[Start of section]

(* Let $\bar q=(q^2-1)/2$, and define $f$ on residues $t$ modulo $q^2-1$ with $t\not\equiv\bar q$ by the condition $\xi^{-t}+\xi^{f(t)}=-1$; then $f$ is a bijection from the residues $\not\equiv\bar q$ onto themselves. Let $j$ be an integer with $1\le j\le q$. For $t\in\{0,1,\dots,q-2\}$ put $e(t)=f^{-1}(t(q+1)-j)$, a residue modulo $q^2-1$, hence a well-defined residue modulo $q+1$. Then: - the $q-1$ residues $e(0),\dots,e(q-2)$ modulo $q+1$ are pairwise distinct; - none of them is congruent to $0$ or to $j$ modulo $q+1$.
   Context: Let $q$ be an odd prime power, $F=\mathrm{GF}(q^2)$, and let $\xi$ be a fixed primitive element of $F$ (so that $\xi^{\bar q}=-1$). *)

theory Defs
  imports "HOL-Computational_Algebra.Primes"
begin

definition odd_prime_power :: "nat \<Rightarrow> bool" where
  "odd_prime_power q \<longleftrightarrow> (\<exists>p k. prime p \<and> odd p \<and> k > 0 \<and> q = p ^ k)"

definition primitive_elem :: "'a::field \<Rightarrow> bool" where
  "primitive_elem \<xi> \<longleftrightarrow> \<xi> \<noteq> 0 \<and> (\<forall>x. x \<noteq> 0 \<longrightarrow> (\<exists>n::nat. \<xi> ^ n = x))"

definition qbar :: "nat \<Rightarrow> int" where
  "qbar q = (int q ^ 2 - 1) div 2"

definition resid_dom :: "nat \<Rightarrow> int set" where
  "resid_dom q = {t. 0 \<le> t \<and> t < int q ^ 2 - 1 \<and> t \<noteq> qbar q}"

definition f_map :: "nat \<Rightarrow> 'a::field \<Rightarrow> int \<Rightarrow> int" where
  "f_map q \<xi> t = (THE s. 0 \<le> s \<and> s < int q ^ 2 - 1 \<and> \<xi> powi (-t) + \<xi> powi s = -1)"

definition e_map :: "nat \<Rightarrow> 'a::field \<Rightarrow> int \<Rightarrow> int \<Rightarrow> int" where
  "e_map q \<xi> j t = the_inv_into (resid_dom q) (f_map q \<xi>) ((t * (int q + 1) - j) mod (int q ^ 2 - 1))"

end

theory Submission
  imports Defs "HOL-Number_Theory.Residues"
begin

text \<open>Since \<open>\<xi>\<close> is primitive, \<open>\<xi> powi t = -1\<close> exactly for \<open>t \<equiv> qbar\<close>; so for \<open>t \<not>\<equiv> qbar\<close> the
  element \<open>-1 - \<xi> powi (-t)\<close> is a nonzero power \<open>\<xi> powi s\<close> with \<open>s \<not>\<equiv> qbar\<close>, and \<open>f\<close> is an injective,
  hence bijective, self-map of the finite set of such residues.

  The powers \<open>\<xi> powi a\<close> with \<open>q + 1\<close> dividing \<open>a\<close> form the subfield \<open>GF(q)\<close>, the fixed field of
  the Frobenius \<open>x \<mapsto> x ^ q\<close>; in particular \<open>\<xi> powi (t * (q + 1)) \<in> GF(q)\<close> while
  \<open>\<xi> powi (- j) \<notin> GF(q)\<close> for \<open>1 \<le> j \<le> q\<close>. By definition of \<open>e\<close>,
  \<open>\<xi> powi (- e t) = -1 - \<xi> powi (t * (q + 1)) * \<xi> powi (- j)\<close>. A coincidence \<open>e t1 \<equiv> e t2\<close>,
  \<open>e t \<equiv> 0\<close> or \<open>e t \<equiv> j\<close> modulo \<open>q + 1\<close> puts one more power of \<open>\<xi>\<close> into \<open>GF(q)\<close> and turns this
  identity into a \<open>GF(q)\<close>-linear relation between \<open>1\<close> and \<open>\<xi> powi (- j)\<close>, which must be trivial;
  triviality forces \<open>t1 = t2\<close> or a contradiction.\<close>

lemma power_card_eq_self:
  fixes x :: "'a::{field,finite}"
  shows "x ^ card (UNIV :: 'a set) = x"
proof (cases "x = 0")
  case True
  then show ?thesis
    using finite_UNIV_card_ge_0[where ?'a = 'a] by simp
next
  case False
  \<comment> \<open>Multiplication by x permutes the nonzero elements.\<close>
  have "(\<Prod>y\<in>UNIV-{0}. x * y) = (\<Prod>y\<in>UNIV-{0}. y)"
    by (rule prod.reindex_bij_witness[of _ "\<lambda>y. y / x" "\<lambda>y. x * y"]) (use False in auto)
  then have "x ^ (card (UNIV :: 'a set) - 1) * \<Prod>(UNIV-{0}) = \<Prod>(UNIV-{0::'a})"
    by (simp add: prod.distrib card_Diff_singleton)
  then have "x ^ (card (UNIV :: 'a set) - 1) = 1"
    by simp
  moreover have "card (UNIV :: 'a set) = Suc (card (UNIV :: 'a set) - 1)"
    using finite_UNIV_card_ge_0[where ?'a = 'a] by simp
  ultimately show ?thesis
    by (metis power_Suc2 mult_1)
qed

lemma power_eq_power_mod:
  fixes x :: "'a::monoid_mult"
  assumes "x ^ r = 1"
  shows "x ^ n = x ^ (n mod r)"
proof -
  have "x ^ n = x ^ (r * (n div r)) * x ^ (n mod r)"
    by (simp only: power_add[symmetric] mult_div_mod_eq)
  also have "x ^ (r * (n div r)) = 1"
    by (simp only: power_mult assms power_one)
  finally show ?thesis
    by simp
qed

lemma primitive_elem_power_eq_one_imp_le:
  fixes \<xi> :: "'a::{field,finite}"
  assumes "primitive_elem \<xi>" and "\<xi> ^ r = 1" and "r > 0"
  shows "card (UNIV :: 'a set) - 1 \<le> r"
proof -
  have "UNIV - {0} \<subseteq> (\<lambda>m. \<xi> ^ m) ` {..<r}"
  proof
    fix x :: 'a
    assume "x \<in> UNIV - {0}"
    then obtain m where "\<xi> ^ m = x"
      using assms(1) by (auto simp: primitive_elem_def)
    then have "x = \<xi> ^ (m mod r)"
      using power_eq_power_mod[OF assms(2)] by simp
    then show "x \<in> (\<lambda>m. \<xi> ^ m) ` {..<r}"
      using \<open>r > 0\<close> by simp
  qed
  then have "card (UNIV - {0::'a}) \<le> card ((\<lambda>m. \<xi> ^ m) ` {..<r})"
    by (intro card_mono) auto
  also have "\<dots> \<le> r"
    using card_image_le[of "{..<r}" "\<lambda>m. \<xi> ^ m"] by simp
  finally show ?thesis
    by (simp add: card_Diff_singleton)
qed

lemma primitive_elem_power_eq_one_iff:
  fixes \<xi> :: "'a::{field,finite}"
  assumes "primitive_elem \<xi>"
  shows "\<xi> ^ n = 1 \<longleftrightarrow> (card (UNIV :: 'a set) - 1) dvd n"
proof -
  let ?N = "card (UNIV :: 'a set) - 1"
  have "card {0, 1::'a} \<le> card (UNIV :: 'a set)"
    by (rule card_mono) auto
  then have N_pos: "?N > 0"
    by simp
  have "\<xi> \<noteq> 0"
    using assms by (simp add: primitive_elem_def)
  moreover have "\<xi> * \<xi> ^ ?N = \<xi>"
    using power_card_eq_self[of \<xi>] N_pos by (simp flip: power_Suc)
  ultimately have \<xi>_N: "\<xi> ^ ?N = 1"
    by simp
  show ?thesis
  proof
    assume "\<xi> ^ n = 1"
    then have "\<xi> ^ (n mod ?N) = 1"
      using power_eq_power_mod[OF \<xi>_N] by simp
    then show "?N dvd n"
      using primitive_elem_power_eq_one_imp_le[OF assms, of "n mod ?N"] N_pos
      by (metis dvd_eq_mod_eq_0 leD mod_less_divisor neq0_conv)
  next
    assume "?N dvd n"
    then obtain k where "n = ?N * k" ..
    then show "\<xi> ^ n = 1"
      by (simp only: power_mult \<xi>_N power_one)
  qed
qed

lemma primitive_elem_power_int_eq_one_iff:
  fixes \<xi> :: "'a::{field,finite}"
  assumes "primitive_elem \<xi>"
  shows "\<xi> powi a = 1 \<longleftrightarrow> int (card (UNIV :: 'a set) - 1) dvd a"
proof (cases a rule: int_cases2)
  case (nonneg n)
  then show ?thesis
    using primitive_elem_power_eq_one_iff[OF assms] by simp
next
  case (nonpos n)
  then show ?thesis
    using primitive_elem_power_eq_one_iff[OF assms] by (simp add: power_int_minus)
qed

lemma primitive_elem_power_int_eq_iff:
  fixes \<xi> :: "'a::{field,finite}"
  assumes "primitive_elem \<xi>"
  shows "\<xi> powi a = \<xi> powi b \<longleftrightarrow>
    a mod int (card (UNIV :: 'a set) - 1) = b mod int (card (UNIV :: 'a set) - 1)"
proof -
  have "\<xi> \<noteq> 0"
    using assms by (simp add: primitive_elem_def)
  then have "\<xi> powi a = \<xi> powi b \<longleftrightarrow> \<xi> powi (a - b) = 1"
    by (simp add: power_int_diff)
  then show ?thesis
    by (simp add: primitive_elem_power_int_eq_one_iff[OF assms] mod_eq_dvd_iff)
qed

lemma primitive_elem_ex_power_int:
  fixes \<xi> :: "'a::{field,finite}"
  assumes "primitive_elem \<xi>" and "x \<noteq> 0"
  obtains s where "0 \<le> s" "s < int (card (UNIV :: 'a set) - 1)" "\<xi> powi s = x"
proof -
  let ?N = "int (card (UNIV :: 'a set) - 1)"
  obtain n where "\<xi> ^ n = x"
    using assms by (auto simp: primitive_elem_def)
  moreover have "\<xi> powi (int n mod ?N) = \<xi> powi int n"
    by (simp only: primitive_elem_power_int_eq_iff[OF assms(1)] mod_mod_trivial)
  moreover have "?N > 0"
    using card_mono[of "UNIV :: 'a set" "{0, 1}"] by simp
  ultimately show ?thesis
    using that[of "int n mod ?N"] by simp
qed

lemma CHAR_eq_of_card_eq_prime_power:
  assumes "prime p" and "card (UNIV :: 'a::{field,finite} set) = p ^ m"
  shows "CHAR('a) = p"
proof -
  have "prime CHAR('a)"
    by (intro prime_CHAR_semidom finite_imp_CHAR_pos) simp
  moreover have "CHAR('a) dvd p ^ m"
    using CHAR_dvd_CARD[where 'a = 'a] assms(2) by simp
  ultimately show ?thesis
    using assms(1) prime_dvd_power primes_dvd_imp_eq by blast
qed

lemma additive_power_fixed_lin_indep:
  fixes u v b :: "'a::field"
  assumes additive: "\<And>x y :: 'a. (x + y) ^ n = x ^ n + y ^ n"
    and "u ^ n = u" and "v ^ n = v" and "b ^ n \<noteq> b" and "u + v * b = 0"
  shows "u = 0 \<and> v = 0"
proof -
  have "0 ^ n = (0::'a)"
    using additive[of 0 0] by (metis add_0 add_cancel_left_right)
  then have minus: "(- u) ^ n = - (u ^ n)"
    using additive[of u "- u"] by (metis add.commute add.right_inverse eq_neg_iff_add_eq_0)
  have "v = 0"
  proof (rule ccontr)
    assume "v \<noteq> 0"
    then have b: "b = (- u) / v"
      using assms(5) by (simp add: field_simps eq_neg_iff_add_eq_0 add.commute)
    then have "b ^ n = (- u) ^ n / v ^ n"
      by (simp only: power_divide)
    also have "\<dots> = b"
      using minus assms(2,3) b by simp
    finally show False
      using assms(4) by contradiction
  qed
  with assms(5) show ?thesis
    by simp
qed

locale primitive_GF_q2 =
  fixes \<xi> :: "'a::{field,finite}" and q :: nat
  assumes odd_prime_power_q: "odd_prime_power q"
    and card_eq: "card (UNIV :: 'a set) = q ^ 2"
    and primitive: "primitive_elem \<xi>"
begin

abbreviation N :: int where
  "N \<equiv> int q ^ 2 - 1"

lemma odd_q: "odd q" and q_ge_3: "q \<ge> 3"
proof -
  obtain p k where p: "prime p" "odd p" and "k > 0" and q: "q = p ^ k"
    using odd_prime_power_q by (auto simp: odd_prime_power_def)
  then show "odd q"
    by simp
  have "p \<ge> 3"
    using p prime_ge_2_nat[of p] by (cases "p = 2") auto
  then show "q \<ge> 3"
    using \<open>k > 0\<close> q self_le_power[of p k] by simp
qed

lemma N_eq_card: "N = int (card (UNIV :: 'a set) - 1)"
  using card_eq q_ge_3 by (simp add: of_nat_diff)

[End of section]

REQUIREMENT:
Find every line above that includes the word "shows" and report only how many there are.

EXPECTED ANSWER:
8